START Excerpted data

(* Let $G=(V,E)$ be a finite, connected, undirected graph with $n\ge 2$ vertices. Then for every $r\ge 1$, the fixation probability satisfies $f_{G,r}\ge \frac{1}{n}$.
   Context: The Moran process on $G$ with mutant fitness $r>0$ is the Markov chain $(X_i)_{i\ge0}$ whose state $X_i\subseteq V$ is the set of vertices occupied by mutants; every other vertex is occupied by a non-mutant of fitness $1$. Write $W(S)=r|S|+|V\setminus S|$ for the total fitness. Given $X_i=S$, one step is: choose a vertex $x$ with probability $r/W(S)$ if $x\in S$ and $1/W(S)$ if $x\notin S$; then choose a neighbour $y$ of $x$ uniformly at random; set $X_{i+1}=S\cup\{y\}$ if $x\in S$ and $X_{i+1}=S\setminus\{y\}$ if $x\notin S$. Fixation means $X_i=V$ for some $i$. For $x\in V$, $f_{G,r}(x)$ is the probability of fixation when $X_0=\{x\}$, and $f_{G,r}=\frac1n\sum_{x\in V}f_{G,r}(x)$ is the fixation probability when the initial single mutant is placed at a uniformly random vertex. *)

theory Defs
  imports Complex_Main
begin

definition graph :: "'a set \<Rightarrow> ('a \<Rightarrow> 'a \<Rightarrow> bool) \<Rightarrow> bool" where
  "graph V E \<longleftrightarrow> finite V \<and> (\<forall>x y. E x y \<longrightarrow> x \<in> V \<and> y \<in> V)
     \<and> (\<forall>x y. E x y \<longrightarrow> E y x) \<and> (\<forall>x. \<not> E x x)"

END Excerpted data

Copy the entire listing exactly. Do not skip a line.

#### Written response
(* Let $G=(V,E)$ be a finite, connected, undirected graph with $n\ge 2$ vertices. Then for every $r\ge 1$, the fixation probability satisfies $f_{G,r}\ge \frac{1}{n}$.
   Context: The Moran process on $G$ with mutant fitness $r>0$ is the Markov chain $(X_i)_{i\ge0}$ whose state $X_i\subseteq V$ is the set of vertices occupied by mutants; every other vertex is occupied by a non-mutant of fitness $1$. Write $W(S)=r|S|+|V\setminus S|$ for the total fitness. Given $X_i=S$, one step is: choose a vertex $x$ with probability $r/W(S)$ if $x\in S$ and $1/W(S)$ if $x\notin S$; then choose a neighbour $y$ of $x$ uniformly at random; set $X_{i+1}=S\cup\{y\}$ if $x\in S$ and $X_{i+1}=S\setminus\{y\}$ if $x\notin S$. Fixation means $X_i=V$ for some $i$. For $x\in V$, $f_{G,r}(x)$ is the probability of fixation when $X_0=\{x\}$, and $f_{G,r}=\frac1n\sum_{x\in V}f_{G,r}(x)$ is the fixation probability when the initial single mutant is placed at a uniformly random vertex. *)

theory Defs
  imports Complex_Main
begin

definition graph :: "'a set \<Rightarrow> ('a \<Rightarrow> 'a \<Rightarrow> bool) \<Rightarrow> bool" where
  "graph V E \<longleftrightarrow> finite V \<and> (\<forall>x y. E x y \<longrightarrow> x \<in> V \<and> y \<in> V)
     \<and> (\<forall>x y. E x y \<longrightarrow> E y x) \<and> (\<forall>x. \<not> E x x)"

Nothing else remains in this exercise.